Building Your Personal Brand

I learned a while ago that no one is going to be a better advocate for you than you.  I could go deep into personal branding here, but that is for another day.  For the purposes of this post, just understand that continuing education and demonstrating your knowledge is the foundation of building your own personal brand.  If you want to build a long, sustainable, and happy career for yourself, start focusing on yourself and building your personal brand. Do it by continuing to learn.

How Training Helps Your Organization

Although your company, department, school, whatever might look at your training as a waste of time and money, they need to understand that it is an investment in the organization.  Continued learning will help employees do their job better and faster.

If we look to other professions like medicine, military, and law enforcement we see organizations where continued learning isn’t just encouraged – it’s required.  Why is that?  For these fields, it’s because it is likely that the new education will help them save lives and keep people safe.  For information security, it’s because the continuing education your analysts receive helps to keep your organization, data, and customers safe.

Solving The Time, Money, Travel Problem

Unfortunately, there isn’t an exact answer for every organization.  Because of the politics, funding, and personalities involved, every situation is going to be different.  What I’m going to discuss here are general recommendations that should be able to help in most circumstances.


I think the first problem that we should address is the time problem.  This is probably going to be the first hurdle you have to get over.  It will probably also be the hardest obstacle to overcome because you are probably the one making the objection.  You are probably more than likely trying to justify why you don’t have the time for continuing education.  I get it.  I am no different.  This is something I struggle with constantly.  It’s hard for me to pull back and tell myself that taking the time needed to invest in my continuing information security education is important.

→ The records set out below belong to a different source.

lemma length_entropy_uniformly_continuous:
  fixes N :: nat and lam \<epsilon> :: real
  assumes "0 < lam" "0 < \<epsilon>"
  obtains \<delta> where "0 < \<delta>"
    "\<And>n l l'. \<lbrakk>n \<le> N; \<forall>i<n. 0 \<le> l i \<and> 0 \<le> l' i; lam \<le> sum l {..<n}; lam \<le> sum l' {..<n};
        \<forall>i<n. \<bar>l i - l' i\<bar> \<le> \<delta>\<rbrakk> \<Longrightarrow> \<bar>length_entropy n l - length_entropy n l'\<bar> \<le> \<epsilon>"
proof -
  let ?f = "\<lambda>x::real. x * ln x"
  have "uniformly_continuous_on {0..1} ?f"
    by (intro compact_uniformly_continuous continuous_on_subset[OF continuous_on_x_ln_x]) auto
  moreover have "0 < \<epsilon> / (N + 1)"
    using \<open>0 < \<epsilon>\<close> by simp
  ultimately obtain d where "0 < d" and d:
    "\<And>x y. x \<in> {0..1} \<Longrightarrow> y \<in> {0..1} \<Longrightarrow> dist y x < d \<Longrightarrow> dist (?f y) (?f x) < \<epsilon> / (N + 1)"
    unfolding uniformly_continuous_on_def by metis
  show thesis
  proof (rule that)
    show "0 < d * lam / (2 * (N + 1))"
      using \<open>0 < d\<close> \<open>0 < lam\<close> by simp
  next
    fix n l l'
    assume "n \<le> N" and nonneg: "\<forall>i<n. 0 \<le> l i \<and> 0 \<le> l' i"
      and lam_le: "lam \<le> sum l {..<n}" "lam \<le> sum l' {..<n}"
      and close: "\<forall>i<n. \<bar>l i - l' i\<bar> \<le> d * lam / (2 * (N + 1))"
    define q q' where "q i = l i / sum l {..<n}" and "q' i = l' i / sum l' {..<n}" for i
    have unit: "q i \<in> {0..1}" "q' i \<in> {0..1}" if "i < n" for i
      using nonneg lam_le \<open>0 < lam\<close> that unfolding q_def q'_def
      by (auto intro!: member_le_sum)
    have "\<bar>q i - q' i\<bar> < d" if "i < n" for i
    proof -
      have "\<bar>q i - q' i\<bar> \<le> (real n + 1) * (d * lam / (2 * (N + 1))) / lam"
        unfolding q_def q'_def
        using nonneg \<open>0 < lam\<close> lam_le close that by (intro abs_normalized_diff_le) auto
      also have "\<dots> = d / 2 * ((real n + 1) / (real N + 1))"
        using \<open>0 < lam\<close> by (simp add: divide_simps)
      also have "\<dots> \<le> d / 2"
        using \<open>n \<le> N\<close> \<open>0 < d\<close> by (intro mult_left_le) auto
      finally show ?thesis
        using \<open>0 < d\<close> by linarith
    qed
    then have "\<bar>?f (q i) - ?f (q' i)\<bar> < \<epsilon> / (N + 1)" if "i < n" for i
      using d[OF unit(2,1)[OF that]] that by (simp add: dist_real_def abs_minus_commute)
    then have term_close: "\<bar>?f (q' i) - ?f (q i)\<bar> \<le> \<epsilon> / (N + 1)" if "i < n" for i
      using that by (simp add: abs_minus_commute less_imp_le)
    have "\<bar>length_entropy n l - length_entropy n l'\<bar> = \<bar>\<Sum>i<n. ?f (q' i) - ?f (q i)\<bar>"
      unfolding length_entropy_def q_def q'_def by (simp add: sum_subtractf)
    also have "\<dots> \<le> (\<Sum>i<n. \<bar>?f (q' i) - ?f (q i)\<bar>)"
      by (rule sum_abs)
    also have "\<dots> \<le> (\<Sum>i<n. \<epsilon> / (N + 1))"
      using term_close by (intro sum_mono) auto
    also have "\<dots> = \<epsilon> * (real n / (real N + 1))"
      by (simp add: algebra_simps)
    also have "\<dots> \<le> \<epsilon>"
      using \<open>n \<le> N\<close> \<open>0 < \<epsilon>\<close> by (intro mult_left_le) auto
    finally show "\<bar>length_entropy n l - length_entropy n l'\<bar> \<le> \<epsilon>" .
  qed
qed

lemma sum_mset_eq_sum_padding:
  fixes g :: "real \<times> real \<Rightarrow> real"
  assumes "xs \<in> paddings A n" and "\<And>t. g (t, t) = 0"
  shows "(\<Sum>I\<in>#A. g I) = (\<Sum>i<n. g (xs ! i))"
proof -
  obtain ys zs where xs: "xs = ys @ zs" "mset ys = A" "\<forall>z\<in>set zs. fst z = snd z" "length xs = n"
    using assms(1) unfolding paddings_def by auto
  have "sum_list (map g zs) = 0"
    using xs(3) assms(2) by (induction zs) (auto simp: prod_eq_iff)
  then have "(\<Sum>I\<in>#A. g I) = sum_list (map g xs)"
    using xs(1,2) by (simp flip: sum_mset_sum_list)
  also have "\<dots> = (\<Sum>i<n. g (xs ! i))"
    using xs(4) by (simp add: sum_list_sum_nth atLeast0LessThan)
  finally show ?thesis .
qed

lemma int_length_padding_nonneg:
  assumes "is_barcode A" and "xs \<in> paddings A n" and "i < n"
  shows "0 \<le> int_length (xs ! i)"
proof -
  obtain ys zs where xs: "xs = ys @ zs" "mset ys = A" "\<forall>z\<in>set zs. fst z = snd z" "length xs = n"
    using assms(2) unfolding paddings_def by auto
  have "xs ! i \<in> set ys \<or> xs ! i \<in> set zs"
    using assms(3) xs(1,4) nth_mem by (metis Un_iff set_append)
  then show ?thesis
    using assms(1) xs(2,3) unfolding is_barcode_def int_length_def
    by (metis diff_ge_0_iff_ge order_refl set_mset_mset)
qed

lemma paddings_nonempty:
  assumes "size A \<le> n"
  shows "paddings A n \<noteq> {}"
proof -
  obtain ys where ys: "mset ys = A"
    using ex_mset by blast
  then have "length ys = size A"
    by (metis size_mset)
  then have "ys @ replicate (n - size A) (0, 0) \<in> paddings A n"
    using assms ys unfolding paddings_def
    by (intro CollectI conjI exI[of _ ys] exI[of _ "replicate (n - size A) (0, 0)"]) auto
  then show ?thesis
    by blast
qed

lemma pers_entropy_padding:
  assumes "xs \<in> paddings A n" and "\<gamma> permutes {..<n}"
  shows "total_length A = (\<Sum>i<n. int_length (xs ! \<gamma> i))"
    and "pers_entropy A = length_entropy n (\<lambda>i. int_length (xs ! \<gamma> i))"
proof -
  have "total_length A = (\<Sum>i<n. int_length (xs ! i))"
    unfolding total_length_def using assms(1)
    by (rule sum_mset_eq_sum_padding) (simp add: int_length_def)
  then show "total_length A = (\<Sum>i<n. int_length (xs ! \<gamma> i))"
    using sum.permute[OF assms(2), of "\<lambda>i. int_length (xs ! i)"] by simp
  let ?h = "\<lambda>i. int_length (xs ! i) / total_length A * ln (int_length (xs ! i) / total_length A)"
  \<comment> \<open>Since ln 0 = 0, the convention 0 log 0 = 0 needs no case split.\<close>
  have x_ln_x: "(if q = 0 then 0 else q * ln q) = q * ln q" for q :: real
    by simp
  have "pers_entropy A = - (\<Sum>i<n. ?h i)"
    unfolding pers_entropy_def Let_def x_ln_x
    by (subst sum_mset_eq_sum_padding[OF assms(1)]) (simp_all add: int_length_def)
  also have "\<dots> = - (\<Sum>i<n. ?h (\<gamma> i))"
    using sum.permute[OF assms(2), of ?h] by simp
  finally show "pers_entropy A = length_entropy n (\<lambda>i. int_length (xs ! \<gamma> i))"
    unfolding length_entropy_def \<open>total_length A = (\<Sum>i<n. int_length (xs ! \<gamma> i))\<close> .
qed

lemma match_cost_ge_displacement:
  assumes "1 \<le> p" and "i < n"
  shows "max \<bar>fst (as ! i) - fst (bs ! \<gamma> i)\<bar> \<bar>snd (as ! i) - snd (bs ! \<gamma> i)\<bar> \<le> match_cost p n as bs \<gamma>"
proof (cases "p = \<infinity>")
  case True
  let ?d = "\<lambda>j. max \<bar>fst (as ! j) - fst (bs ! \<gamma> j)\<bar> \<bar>snd (as ! j) - snd (bs ! \<gamma> j)\<bar>"
  have "?d i \<le> Max (?d ` {..<n})"
    using assms(2) by (intro Max_ge) auto
  then show ?thesis
    using True assms(2) unfolding match_cost_def by simp
next
  case False
  define r where "r = real_of_ereal p"
  have "1 \<le> r"
    using assms(1) False unfolding r_def by (cases p) auto
  define S where "S = (\<Sum>j<n. max (\<bar>fst (as ! j) - fst (bs ! \<gamma> j)\<bar> powr r)
                                  (\<bar>snd (as ! j) - snd (bs ! \<gamma> j)\<bar> powr r))"
  have root_le: "x \<le> S powr (1 / r)" if "0 \<le> x" "x powr r \<le> S" for x :: real
  proof -
    have "x = (x powr r) powr (1 / r)"
      using \<open>1 \<le> r\<close> \<open>0 \<le> x\<close> by (simp add: powr_powr)
    also have "\<dots> \<le> S powr (1 / r)"
      using \<open>1 \<le> r\<close> that(2) by (intro powr_mono2) auto
    finally show ?thesis .
  qed
  have "max (\<bar>fst (as ! i) - fst (bs ! \<gamma> i)\<bar> powr r) (\<bar>snd (as ! i) - snd (bs ! \<gamma> i)\<bar> powr r) \<le> S"
    unfolding S_def using assms(2) by (intro member_le_sum) (auto simp: le_max_iff_disj)
  moreover have "match_cost p n as bs \<gamma> = S powr (1 / r)"
    using False unfolding match_cost_def S_def r_def by simp
  ultimately show ?thesis
    using root_le by simp
qed

lemma abs_int_length_diff_le_match_cost:
  assumes "1 \<le> p" and "i < n"
  shows "\<bar>int_length (as ! i) - int_length (bs ! \<gamma> i)\<bar> \<le> 2 * match_cost p n as bs \<gamma>"
  using match_cost_ge_displacement[OF assms, of as bs \<gamma>]
  unfolding int_length_def by (auto simp: abs_le_iff)

lemma match_cost_nonneg:
  assumes "1 \<le> p"
  shows "0 \<le> match_cost p n as bs \<gamma>"
proof (cases "p = \<infinity> \<and> 0 < n")
  case True
  then show ?thesis
    using match_cost_ge_displacement[OF assms, of 0 n as bs \<gamma>] by linarith
next
  case False
  then show ?thesis
    unfolding match_cost_def by auto
qed

lemma wdist_less_imp_matching:
  fixes A B :: barcode
  defines "n \<equiv> max (size A) (size B)"
  assumes "1 \<le> p" and "wdist p A B < c"
  obtains as bs \<gamma> where "as \<in> paddings A n" "bs \<in> paddings B n" "\<gamma> permutes {..<n}"
    "match_cost p n as bs \<gamma> < c"
proof -
  define S where "S = {match_cost p n as bs \<gamma> | as bs \<gamma>.
    as \<in> paddings A n \<and> bs \<in> paddings B n \<and> \<gamma> permutes {..<n}}"
  obtain as bs where "as \<in> paddings A n" "bs \<in> paddings B n"
    using paddings_nonempty[of A n] paddings_nonempty[of B n] unfolding n_def by auto
  then have "S \<noteq> {}"
    unfolding S_def using permutes_id by blast
  moreover have "bdd_below S"
    unfolding S_def bdd_below_def using match_cost_nonneg[OF assms(2)] by blast
  moreover have "Inf S < c"
    using assms(3) unfolding wdist_def S_def n_def Let_def by simp
  ultimately obtain x where "x \<in> S" "x < c"
    using cInf_less_iff by blast
  then show thesis
    using that unfolding S_def by blast
qed

theorem proposition2:
  fixes p :: ereal and N :: nat and lam :: real
  assumes "1 \<le> p" and "0 < N" and "0 < lam"
  shows "\<forall>\<epsilon>>0. \<exists>\<delta>>0. \<forall>A B.
           is_barcode A \<and> is_barcode B \<and> size A \<le> N \<and> size B \<le> N \<and>
           total_length A \<ge> lam \<and> total_length B \<ge> lam \<and> wdist p A B \<le> \<delta>
           \<longrightarrow> \<bar>pers_entropy A - pers_entropy B\<bar> \<le> \<epsilon>"
proof (intro allI impI)
  fix \<epsilon> :: real
  assume "0 < \<epsilon>"
  then obtain \<delta> where "0 < \<delta>" and entropy_close:
    "\<And>n l l'. \<lbrakk>n \<le> N; \<forall>i<n. 0 \<le> l i \<and> 0 \<le> l' i; lam \<le> sum l {..<n}; lam \<le> sum l' {..<n};
        \<forall>i<n. \<bar>l i - l' i\<bar> \<le> \<delta>\<rbrakk> \<Longrightarrow> \<bar>length_entropy n l - length_entropy n l'\<bar> \<le> \<epsilon>"
    using length_entropy_uniformly_continuous[OF \<open>0 < lam\<close>] by metis
  show "\<exists>\<delta>>0. \<forall>A B.
           is_barcode A \<and> is_barcode B \<and> size A \<le> N \<and> size B \<le> N \<and>
           total_length A \<ge> lam \<and> total_length B \<ge> lam \<and> wdist p A B \<le> \<delta>
           \<longrightarrow> \<bar>pers_entropy A - pers_entropy B\<bar> \<le> \<epsilon>"
  proof (intro exI[of _ "\<delta> / 4"] conjI allI impI)
    fix A B
    assume barcodes: "is_barcode A \<and> is_barcode B \<and> size A \<le> N \<and> size B \<le> N \<and>
      total_length A \<ge> lam \<and> total_length B \<ge> lam \<and> wdist p A B \<le> \<delta> / 4"
    define n where "n = max (size A) (size B)"
    have "wdist p A B < \<delta> / 2"
      using barcodes \<open>0 < \<delta>\<close> by linarith
    then obtain as bs \<gamma> where as: "as \<in> paddings A n" and bs: "bs \<in> paddings B n"
      and \<gamma>: "\<gamma> permutes {..<n}" and cost: "match_cost p n as bs \<gamma> < \<delta> / 2"
      using wdist_less_imp_matching[OF assms(1)] unfolding n_def by blast
    define l l' where "l i = int_length (as ! i)" and "l' i = int_length (bs ! \<gamma> i)" for i
    have "\<bar>length_entropy n l - length_entropy n l'\<bar> \<le> \<epsilon>"
    proof (rule entropy_close)
      show "n \<le> N"
        using barcodes unfolding n_def by simp
      show "\<forall>i<n. 0 \<le> l i \<and> 0 \<le> l' i"
        using barcodes as bs permutes_in_image[OF \<gamma>] unfolding l_def l'_def
        by (auto intro: int_length_padding_nonneg)
      show "\<forall>i<n. \<bar>l i - l' i\<bar> \<le> \<delta>"
        using abs_int_length_diff_le_match_cost[OF assms(1), of _ n as bs \<gamma>] cost
        unfolding l_def l'_def by fastforce
      show "lam \<le> sum l {..<n}" "lam \<le> sum l' {..<n}"
        using barcodes pers_entropy_padding(1)[OF as permutes_id] pers_entropy_padding(1)[OF bs \<gamma>]
        unfolding l_def l'_def by simp_all
    qed
    moreover have "pers_entropy A = length_entropy n l" "pers_entropy B = length_entropy n l'"
      using pers_entropy_padding(2)[OF as permutes_id] pers_entropy_padding(2)[OF bs \<gamma>]
      unfolding l_def l'_def by simp_all
    ultimately show "\<bar>pers_entropy A - pers_entropy B\<bar> \<le> \<epsilon>"
      by simp
  qed (use \<open>0 < \<delta>\<close> in simp)
qed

If you think you don’t have the time to train, go back and re-read the last section on why training is important.  If you still feel like you don’t have the time, then think about it this way:

The upfront time that you invest in training can lead to much more saved time in the future.  Learning a better way to do something or getting more clarity on a product, process, or idea can help to reduce the amount of time you spend putting that concept into practice later. If I were to ask you for $50 today and I would show you how you can save $1 a day, would you do it?… Just follow me on this, I’m trying to make a very low thought analogy here….  Of course you would because in less than two months you would have re-couped your initial investment and after that everything else would be savings.  It’s unfortunate, but most of us don’t look at our time this way.  We look at the up front costs and don’t look at the return beyond this.

Money & Travel

I’ve grouped the money and travel solutions together because a lot of what I’m about to say solves both the money and travel problem.  Training and continuing education don’t have to be a big formal class they could be something as simple as cross training with other somewhat related departments.

Cross Training

Cross training will benefit you in many ways.  It will allow you the time needed for other training since you know there will be someone else who can help cover some of your workload while you are gone.  It can also help create empathy between employees and departments.  If you know what someone has to do on a daily basis, it’s easier to take the proverbial walk in their shoes and be more understanding on issues that cause conflict in the organization.

User’s Groups

Local user’s groups are a great way to get some product specific training, especially if it’s a users group that your vendor runs.  They are also a good way to interact with your peers and share problems and experiences.  If it is a vendor run users group, make sure they are providing more than food and alcohol.  Make sure that they are giving you product specific information and answering questions you have on the product.  Make sure that they are facilitating conversations about the information security industry.

Virtual Training

Virtual training is a good option for the organizations that can spare some budget for formal training.  Virtual instructor lead training is usually cheaper than in person training and can be done from anywhere.  My suggestion is to make sure you do this training wherever you normally do your work.  Don’t take the training from your couch or bed at home because you will find other distractions and the money & time invested will be lost on you.  It’s going to be important that you are able to show your employer why they just spent money and time to train you, and not paying attention can help guarantee that you will get less or no training in the future.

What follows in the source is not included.